Copy each line of the data below with the word "complex".

___ Available data ___

lemma borcherds_mod_C2:
  assumes "\<And>i. i \<noteq> j \<Longrightarrow> borcherds_lhs m u n v k w i \<in> C\<^sub>2"
    and "\<And>i. i \<noteq> j' \<Longrightarrow> borcherds_rhs m u n v k w i \<in> C\<^sub>2"
  shows "coset C\<^sub>2 (borcherds_lhs m u n v k w j) = coset C\<^sub>2 (borcherds_rhs m u n v k w j')"
proof -
  have "coset C\<^sub>2 (borcherds_lhs m u n v k w j) = coset C\<^sub>2 (fsum (borcherds_lhs m u n v k w))"
    using assms(1) by (intro coset_fsum_eq[symmetric] subspace_C2 eventually_borcherds_lhs_eq_0)
  also have "\<dots> = coset C\<^sub>2 (borcherds_rhs m u n v k w j')"
    using assms(2) unfolding borcherds
    by (intro coset_fsum_eq subspace_C2 eventually_borcherds_rhs_eq_0)
  finally show ?thesis .
qed

lemma mode_in_C2_of_le_minus_two:
  assumes "n \<le> -2"
  shows "mode u n w \<in> C\<^sub>2"
proof -
  have "mode u (-2 - int d) w \<in> C\<^sub>2" for d u
  proof (induction d arbitrary: u)
    case 0
    show ?case using mode_minus_two_in_C2 by simp
  next
    case (Suc d)
    have "-2 - int d - 1 = -2 - int (Suc d)" "- of_int (-2 - int d) = (of_nat d + 2 :: complex)"
      by simp_all
    then have "mode (mode u (-2) vac) (-2 - int d) w
        = scale (of_nat d + 2) (mode u (-2 - int (Suc d)) w)"
      using mode_translation[of "-2 - int d" u w] by simp
    moreover have "(of_nat d + 2 :: complex) \<noteq> 0"
      by (metis of_nat_add of_nat_numeral of_nat_eq_0_iff add_is_0 zero_neq_numeral)
    ultimately have "mode u (-2 - int (Suc d)) w
        = scale (1 / (of_nat d + 2)) (mode (mode u (-2) vac) (-2 - int d) w)"
      by simp
    then show ?case using Suc.IH subspace_scale[OF subspace_C2] by simp
  qed
  from this[where d = "nat (-2 - n)"] show ?thesis using assms by simp
qed

lemma mode_right_in_C2:
  assumes "n \<le> 0" "x \<in> C\<^sub>2"
  shows "mode u n x \<in> C\<^sub>2"
proof (rule hom_image_in_C2[OF mode_hom_right _ assms(2)])
  fix y z
  have lhs: "borcherds_lhs n u 0 y (-2) z i \<in> C\<^sub>2" for i
    using assms(1) unfolding borcherds_lhs_def
    by (intro subspace_scale[OF subspace_C2] mode_in_C2_of_le_minus_two) simp
  have "coset C\<^sub>2 (borcherds_rhs n u 0 y (-2) z 0) = coset C\<^sub>2 (borcherds_lhs n u 0 y (-2) z 0)"
    using lhs by (intro borcherds_mod_C2[symmetric])
      (simp_all add: borcherds_rhs_def gbinomial_0_left subspace_0[OF subspace_C2])
  then have "borcherds_rhs n u 0 y (-2) z 0 \<in> C\<^sub>2"
    using lhs coset_eq_mem[OF subspace_C2 subspace_C2 order_refl] by blast
  then have "(mode u n (mode y (-2) z) - mode y (-2) (mode u n z)) + mode y (-2) (mode u n z) \<in> C\<^sub>2"
    by (intro subspace_add[OF subspace_C2] mode_minus_two_in_C2)
      (simp add: borcherds_rhs_def int_sign_def)
  then show "mode u n (mode y (-2) z) \<in> C\<^sub>2" by simp
qed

___

Exercise result
    have "-2 - int d - 1 = -2 - int (Suc d)" "- of_int (-2 - int d) = (of_nat d + 2 :: complex)"
    moreover have "(of_nat d + 2 :: complex) \<noteq> 0"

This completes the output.